> _Aim of the exercise_
Print, in exact form, the lines below from the one containing "unfolding S_def by" through the one containing "by (metis zs", and omit all others.

---- Working data

(* $\alpha(n)\ge (1+o(1))\dfrac{54}{n^3}$ as $n\to\infty$, where \[ \alpha(n)=\min\{\lambda_1(G): G\text{ simple connected on } n\text{ vertices}\}. \]
   Context: $\lambda_1(G)$ denotes the second smallest eigenvalue of the normalized Laplacian $\mathcal{L}=I-T^{-1/2}AT^{-1/2}$, where $A$ is the adjacency matrix and $T$ the diagonal degree matrix. *)

theory Defs
  imports Complex_Main "Jordan_Normal_Form.Char_Poly"
begin

definition simple_graph :: "nat \<Rightarrow> (nat \<Rightarrow> nat \<Rightarrow> bool) \<Rightarrow> bool" where
  "simple_graph n E \<longleftrightarrow>
     (\<forall>i j. E i j \<longrightarrow> i < n \<and> j < n) \<and> (\<forall>i j. E i j \<longleftrightarrow> E j i) \<and> (\<forall>i. \<not> E i i)"

definition connected_graph :: "nat \<Rightarrow> (nat \<Rightarrow> nat \<Rightarrow> bool) \<Rightarrow> bool" where
  "connected_graph n E \<longleftrightarrow> (\<forall>i<n. \<forall>j<n. E\<^sup>*\<^sup>* i j)"

definition adj_matrix :: "nat \<Rightarrow> (nat \<Rightarrow> nat \<Rightarrow> bool) \<Rightarrow> real mat" where
  "adj_matrix n E = mat n n (\<lambda>(i,j). if E i j then 1 else 0)"

definition degree :: "nat \<Rightarrow> (nat \<Rightarrow> nat \<Rightarrow> bool) \<Rightarrow> nat \<Rightarrow> real" where
  "degree n E i = (\<Sum>j<n. if E i j then 1 else 0)"

definition deg_inv_sqrt :: "nat \<Rightarrow> (nat \<Rightarrow> nat \<Rightarrow> bool) \<Rightarrow> real mat" where
  "deg_inv_sqrt n E = mat n n (\<lambda>(i,j). if i = j then 1 / sqrt (degree n E i) else 0)"

definition norm_laplacian :: "nat \<Rightarrow> (nat \<Rightarrow> nat \<Rightarrow> bool) \<Rightarrow> real mat" where
  "norm_laplacian n E = 1\<^sub>m n - deg_inv_sqrt n E * adj_matrix n E * deg_inv_sqrt n E"

text \<open>Eigenvalues (with multiplicity) in increasing order: lambda_0 \<le> lambda_1 \<le> ...;
  lambda_1 is the second smallest.\<close>
definition lambda1 :: "nat \<Rightarrow> (nat \<Rightarrow> nat \<Rightarrow> bool) \<Rightarrow> real" where
  "lambda1 n E = sorted_list_of_multiset (proots (char_poly (norm_laplacian n E))) ! 1"

definition alpha :: "nat \<Rightarrow> real" where
  "alpha n = Inf {lambda1 n E | E. simple_graph n E \<and> connected_graph n E}"

end

theory Submission
  imports Defs "Jordan_Normal_Form.Schur_Decomposition" "HOL-Real_Asymp.Real_Asymp"
begin

text \<open>By the variational characterisation of \<open>\<lambda>\<^sub>1\<close> it suffices to show
  \<open>B \<Sum> d\<^sub>i f\<^sub>i\<^sup>2 \<le> \<Sum>\<^bsub>ij\<in>E\<^esub> (f\<^sub>i - f\<^sub>j)\<^sup>2\<close> whenever \<open>\<Sum> d\<^sub>i f\<^sub>i = 0\<close>, for some
  \<open>B = (1 + o(1)) 54 / n\<^sup>3\<close>. Let \<open>R = max f - min f\<close> and let \<open>L\<close> be the length of a shortest
  path between a maximum and a minimum of \<open>f\<close>; by Cauchy-Schwarz \<open>R\<^sup>2 \<le> L \<cdot> energy f\<close>,
  and trivially \<open>\<Sum> d\<^sub>i f\<^sub>i\<^sup>2 \<le> R\<^sup>2 n\<^sup>2\<close>. If \<open>energy f \<ge> \<epsilon>\<^sup>2 R\<^sup>2\<close> we are done. Otherwise the level
  sets \<open>{f > \<epsilon>R}\<close> and \<open>{f < -\<epsilon>R}\<close> are at distance at least 3, and no vertex has more than
  three neighbours on a shortest path, so their volumes are at most \<open>a\<^sup>2 + O(n)\<close> and
  \<open>b\<^sup>2 + O(n)\<close> with \<open>a + b + L < n\<close>. Since \<open>f\<close> has mean zero, each level set carries the whole
  positive mass of \<open>f\<close>, which yields
  \<open>\<Sum> d\<^sub>i f\<^sub>i\<^sup>2 \<le> R\<^sup>2 (\<epsilon>n\<^sup>2 + (n - L + O(\<surd>n))\<^sup>2 / 8) \<le> energy f \<cdot> (\<epsilon>n\<^sup>3 + L (n - L + O(\<surd>n))\<^sup>2 / 8)\<close>;
  finally \<open>L (n - L)\<^sup>2 \<le> 4n\<^sup>3/27\<close>.\<close>

section \<open>Real symmetric matrices\<close>

lemma mult_mat_vec_nth_sum:
  assumes "A \<in> carrier_mat n n" "v \<in> carrier_vec n" "i < n"
  shows "(A *\<^sub>v v) $ i = (\<Sum>j<n. A $$ (i,j) * v $ j)"
  using assms by (auto simp: scalar_prod_def atLeast0LessThan intro!: sum.cong)

lemma mult_mat_nth_sum:
  assumes "A \<in> carrier_mat n n" "B \<in> carrier_mat n n" "i < n" "j < n"
  shows "(A * B) $$ (i,j) = (\<Sum>k<n. A $$ (i,k) * B $$ (k,j))"
  using assms by (auto simp: scalar_prod_def atLeast0LessThan intro!: sum.cong)

lemma sum_sym_mat_swap:
  fixes N :: "real mat"
  assumes sym: "\<And>i j. i < n \<Longrightarrow> j < n \<Longrightarrow> N $$ (i,j) = N $$ (j,i)"
  shows "(\<Sum>i<n. u i * (\<Sum>j<n. N $$ (i,j) * v j)) = (\<Sum>j<n. v j * (\<Sum>i<n. N $$ (j,i) * u i))"
proof -
  have "(\<Sum>i<n. u i * (\<Sum>j<n. N $$ (i,j) * v j)) = (\<Sum>i<n. \<Sum>j<n. u i * N $$ (i,j) * v j)"
    by (simp add: sum_distrib_left mult_ac)
  also have "\<dots> = (\<Sum>j<n. \<Sum>i<n. u i * N $$ (i,j) * v j)" by (rule sum.swap)
  also have "\<dots> = (\<Sum>j<n. v j * (\<Sum>i<n. N $$ (j,i) * u i))"
    using sym by (simp add: sum_distrib_left mult_ac)
  finally show ?thesis .
qed

lemma real_sym_char_poly_root_real:
  fixes N :: "real mat"
  assumes N: "N \<in> carrier_mat n n" and sym: "\<And>i j. i < n \<Longrightarrow> j < n \<Longrightarrow> N $$ (i,j) = N $$ (j,i)"
    and root: "poly (char_poly (map_mat complex_of_real N)) z = 0"
  shows "z \<in> \<real>"
proof -
  let ?Nc = "map_mat complex_of_real N"
  have Nc: "?Nc \<in> carrier_mat n n" using N by auto
  from root eigenvalue_root_char_poly[OF Nc] have "eigenvalue ?Nc z" by simp
  then obtain v where "eigenvector ?Nc v z" unfolding eigenvalue_def by auto
  hence v: "v \<in> carrier_vec n" and v0: "v \<noteq> 0\<^sub>v n" and eq: "?Nc *\<^sub>v v = z \<cdot>\<^sub>v v"
    using N unfolding eigenvector_def by auto
  define S where "S = (\<Sum>i<n. cnj (v $ i) * (\<Sum>j<n. complex_of_real (N $$ (i,j)) * v $ j))"
  define T where "T = (\<Sum>i<n. cnj (v $ i) * v $ i)"
  have "S = (\<Sum>i<n. cnj (v $ i) * (?Nc *\<^sub>v v) $ i)"
    unfolding S_def using N v by (intro sum.cong refl, subst mult_mat_vec_nth_sum[OF Nc v]) auto
  also have "\<dots> = z * T" unfolding eq T_def using v
    by (auto simp: sum_distrib_left intro!: sum.cong)
  finally have SzT: "S = z * T" .
  have "cnj S = (\<Sum>i<n. \<Sum>j<n. v $ i * complex_of_real (N $$ (i,j)) * cnj (v $ j))"
    unfolding S_def by (simp add: sum_distrib_left mult_ac)
  also have "\<dots> = (\<Sum>j<n. \<Sum>i<n. v $ i * complex_of_real (N $$ (i,j)) * cnj (v $ j))"
    by (rule sum.swap)
  also have "\<dots> = S" unfolding S_def using sym
    by (auto simp: sum_distrib_left mult_ac intro!: sum.cong)
  finally have S_real: "cnj S = S" .
  have T_eq: "T = complex_of_real (\<Sum>i<n. (cmod (v $ i))^2)"
    unfolding T_def of_real_sum
    by (rule sum.cong[OF refl]) (metis complex_norm_square mult.commute of_real_power)
  obtain i where i: "i < n" "v $ i \<noteq> 0"
    using v v0 by (metis eq_vecI carrier_vecD index_zero_vec(1) index_zero_vec(2))
  have "(\<Sum>i<n. (cmod (v $ i))^2) > 0"
    by (rule sum_pos2[of _ i]) (use i in auto)
  hence T_real: "T \<noteq> 0" "cnj T = T"
    by (simp_all only: T_eq complex_cnj_complex_of_real)
      (metis Re_complex_of_real less_irrefl zero_complex.sel(1))
  from S_real SzT have "cnj z * cnj T = z * T" by simp
  with T_real have "cnj z = z" by simp
  thus ?thesis using Reals_cnj_iff by blast
qed

lemma real_sym_char_poly_splits:
  fixes N :: "real mat"
  assumes N: "N \<in> carrier_mat n n" and sym: "\<And>i j. i < n \<Longrightarrow> j < n \<Longrightarrow> N $$ (i,j) = N $$ (j,i)"
  obtains rs where "char_poly N = (\<Prod>r\<leftarrow>rs. [:- r, 1:])"
proof -
  let ?Nc = "map_mat complex_of_real N"
  have Nc: "?Nc \<in> carrier_mat n n" using N by auto
  obtain zs where zs: "char_poly ?Nc = (\<Prod>a\<leftarrow>zs. [:- a, 1:])"
    using char_poly_factorized[OF Nc] by blast
  have real: "z \<in> \<real>" if "z \<in> set zs" for z
  proof (rule real_sym_char_poly_root_real[OF N sym])
    show "poly (char_poly ?Nc) z = 0" unfolding zs using that
      by (auto simp: poly_prod_list prod_list_zero_iff)
  qed
  interpret of_real: map_poly_inj_comm_ring_hom "complex_of_real" ..
  have "map_poly complex_of_real (\<Prod>r\<leftarrow>map Re zs. [:- r, 1:]) = (\<Prod>a\<leftarrow>zs. [:- a, 1:])"
    using real
  proof (induction zs)
    case (Cons a zs)
    hence "map_poly complex_of_real [:- Re a, 1:] = [:- a, 1:]" by simp
    with Cons show ?case by (simp only: list.map prod_list.Cons of_real.hom_mult) simp
  qed simp
  also have "\<dots> = map_poly complex_of_real (char_poly N)"
    by (metis zs of_real_hom.char_poly_hom[OF N])
  finally show ?thesis using that[of "map Re zs"] by (simp only: of_real.eq_iff)
qed

lemma proots_prod_linear: "proots (\<Prod>r\<leftarrow>rs. [:- r, 1:]) = mset (rs :: real list)"
proof (induction rs)
  case (Cons a rs)
  have "proots ([:- a, 1:] * (\<Prod>r\<leftarrow>rs. [:- r, 1:])) = proots [:- a, 1:] + proots (\<Prod>r\<leftarrow>rs. [:- r, 1:])"
    by (rule proots_mult) (auto simp: prod_list_zero_iff)
  thus ?case using Cons by simp
qed simp

lemma triangular_first_two_columns:
  fixes N :: "real mat"
  assumes N: "N \<in> carrier_mat n n" and cp: "char_poly N = (\<Prod>r\<leftarrow>es. [:- r, 1:])" and n2: "2 \<le> n"
  obtains p0 p1 t where
    "\<And>i. i < n \<Longrightarrow> (\<Sum>j<n. N $$ (i,j) * p0 j) = es ! 0 * p0 i"
    "\<And>i. i < n \<Longrightarrow> (\<Sum>j<n. N $$ (i,j) * p1 j) = t * p0 i + es ! 1 * p1 i"
    "\<And>a b. (\<And>k. k < n \<Longrightarrow> a * p0 k + b * p1 k = 0) \<Longrightarrow> a = 0 \<and> b = 0"
proof -
  obtain T P Q where sd: "schur_decomposition N es = (T,P,Q)" by (cases "schur_decomposition N es") auto
  from schur_decomposition[OF N cp sd] have sim: "similar_mat_wit N T P Q"
    and ut: "upper_triangular T" and dg: "diag_mat T = es" by auto
  from similar_mat_witD2[OF N sim] have QP: "Q * P = 1\<^sub>m n" and NPTQ: "N = P * T * Q"
    and T: "T \<in> carrier_mat n n" and P: "P \<in> carrier_mat n n" and Q: "Q \<in> carrier_mat n n" by auto
  have NP: "N * P = P * T"
  proof -
    have "N * P = P * T * (Q * P)" using NPTQ P T Q by (simp add: assoc_mult_mat[of _ n n _ n _ n])
    thus ?thesis using QP P T by simp
  qed
  have T_diag: "T $$ (0,0) = es ! 0" "T $$ (1,1) = es ! 1"
    using dg n2 T unfolding diag_mat_def by (auto dest: arg_cong[of _ _ "\<lambda>xs. xs ! 0"] arg_cong[of _ _ "\<lambda>xs. xs ! 1"])
  have T_lower: "T $$ (k,j) = 0" if "j < k" "k < n" for k j
    using ut that T unfolding upper_triangular_def by auto
  have NP_col: "(\<Sum>j<n. N $$ (i,j) * P $$ (j,c)) = (\<Sum>k\<in>{..c}. P $$ (i,k) * T $$ (k,c))"
    if "i < n" "c < n" for i c
  proof -
    have "(\<Sum>j<n. N $$ (i,j) * P $$ (j,c)) = (P * T) $$ (i,c)"
      using mult_mat_nth_sum[OF N P that] by (simp add: NP)
    also have "\<dots> = (\<Sum>k<n. P $$ (i,k) * T $$ (k,c))" using mult_mat_nth_sum[OF P T that] .
    also have "\<dots> = (\<Sum>k\<in>{..c}. P $$ (i,k) * T $$ (k,c))"
      by (rule sum.mono_neutral_right) (use that T_lower in auto)
    finally show ?thesis .
  qed
  show ?thesis
  proof (rule that[of "\<lambda>k. P $$ (k,0)" "\<lambda>k. P $$ (k,1)" "T $$ (0,1)"])
    show "(\<Sum>j<n. N $$ (i,j) * P $$ (j,0)) = es ! 0 * P $$ (i,0)" if "i < n" for i
      using NP_col[OF that, of 0] n2 T_diag by simp
    show "(\<Sum>j<n. N $$ (i,j) * P $$ (j,1)) = T $$ (0,1) * P $$ (i,0) + es ! 1 * P $$ (i,1)" if "i < n" for i
      using NP_col[OF that, of 1] n2 T_diag by (simp add: atMost_Suc)
    fix a b assume ab: "\<And>k. k < n \<Longrightarrow> a * P $$ (k,0) + b * P $$ (k,1) = 0"
    have combination: "(\<Sum>k<n. Q $$ (i,k) * (a * P $$ (k,0) + b * P $$ (k,1))) =
        (if i = 0 then a else 0) + (if i = 1 then b else 0)" if "i < n" for i
    proof -
      have "(\<Sum>k<n. Q $$ (i,k) * P $$ (k,j)) = (if i = j then 1 else 0)" if "j < n" for j
        using mult_mat_nth_sum[OF Q P \<open>i < n\<close> that] QP that \<open>i < n\<close> by simp
      moreover have "(\<Sum>k<n. Q $$ (i,k) * (a * P $$ (k,0) + b * P $$ (k,1))) =
          a * (\<Sum>k<n. Q $$ (i,k) * P $$ (k,0)) + b * (\<Sum>k<n. Q $$ (i,k) * P $$ (k,1))"
        by (simp add: algebra_simps sum.distrib sum_distrib_left)
      ultimately show ?thesis using n2 by simp
    qed
    have "(\<Sum>k<n. Q $$ (i,k) * (a * P $$ (k,0) + b * P $$ (k,1))) = 0" for i using ab by simp
    from this[of 0] this[of 1] combination[of 0] combination[of 1] n2 show "a = 0 \<and> b = 0" by simp
  qed
qed

locale spectral_gap =
  fixes N :: "real mat" and n :: nat and w :: "nat \<Rightarrow> real" and B :: real
  assumes carrier: "N \<in> carrier_mat n n"
    and sym: "\<And>i j. i < n \<Longrightarrow> j < n \<Longrightarrow> N $$ (i,j) = N $$ (j,i)"
    and kernel_vector: "\<And>i. i < n \<Longrightarrow> (\<Sum>j<n. N $$ (i,j) * w j) = 0"
    and rayleigh: "\<And>g. (\<Sum>i<n. w i * g i) = 0 \<Longrightarrow>
                 B * (\<Sum>i<n. (g i)^2) \<le> (\<Sum>i<n. g i * (\<Sum>j<n. N $$ (i,j) * g j))"
    and gap_pos: "B > 0"
begin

--------

> _Response_
    unfolding S_def by (simp add: sum_distrib_left mult_ac)
  also have "\<dots> = (\<Sum>j<n. \<Sum>i<n. v $ i * complex_of_real (N $$ (i,j)) * cnj (v $ j))"
    by (rule sum.swap)
  also have "\<dots> = S" unfolding S_def using sym
    by (auto simp: sum_distrib_left mult_ac intro!: sum.cong)
  finally have S_real: "cnj S = S" .
  have T_eq: "T = complex_of_real (\<Sum>i<n. (cmod (v $ i))^2)"
    unfolding T_def of_real_sum
    by (rule sum.cong[OF refl]) (metis complex_norm_square mult.commute of_real_power)
  obtain i where i: "i < n" "v $ i \<noteq> 0"
    using v v0 by (metis eq_vecI carrier_vecD index_zero_vec(1) index_zero_vec(2))
  have "(\<Sum>i<n. (cmod (v $ i))^2) > 0"
    by (rule sum_pos2[of _ i]) (use i in auto)
  hence T_real: "T \<noteq> 0" "cnj T = T"
    by (simp_all only: T_eq complex_cnj_complex_of_real)
      (metis Re_complex_of_real less_irrefl zero_complex.sel(1))
  from S_real SzT have "cnj z * cnj T = z * T" by simp
  with T_real have "cnj z = z" by simp
  thus ?thesis using Reals_cnj_iff by blast
qed

lemma real_sym_char_poly_splits:
  fixes N :: "real mat"
  assumes N: "N \<in> carrier_mat n n" and sym: "\<And>i j. i < n \<Longrightarrow> j < n \<Longrightarrow> N $$ (i,j) = N $$ (j,i)"
  obtains rs where "char_poly N = (\<Prod>r\<leftarrow>rs. [:- r, 1:])"
proof -
  let ?Nc = "map_mat complex_of_real N"
  have Nc: "?Nc \<in> carrier_mat n n" using N by auto
  obtain zs where zs: "char_poly ?Nc = (\<Prod>a\<leftarrow>zs. [:- a, 1:])"
    using char_poly_factorized[OF Nc] by blast
  have real: "z \<in> \<real>" if "z \<in> set zs" for z
  proof (rule real_sym_char_poly_root_real[OF N sym])
    show "poly (char_poly ?Nc) z = 0" unfolding zs using that
      by (auto simp: poly_prod_list prod_list_zero_iff)
  qed
  interpret of_real: map_poly_inj_comm_ring_hom "complex_of_real" ..
  have "map_poly complex_of_real (\<Prod>r\<leftarrow>map Re zs. [:- r, 1:]) = (\<Prod>a\<leftarrow>zs. [:- a, 1:])"
    using real
  proof (induction zs)
    case (Cons a zs)
    hence "map_poly complex_of_real [:- Re a, 1:] = [:- a, 1:]" by simp
    with Cons show ?case by (simp only: list.map prod_list.Cons of_real.hom_mult) simp
  qed simp
  also have "\<dots> = map_poly complex_of_real (char_poly N)"
    by (metis zs of_real_hom.char_poly_hom[OF N])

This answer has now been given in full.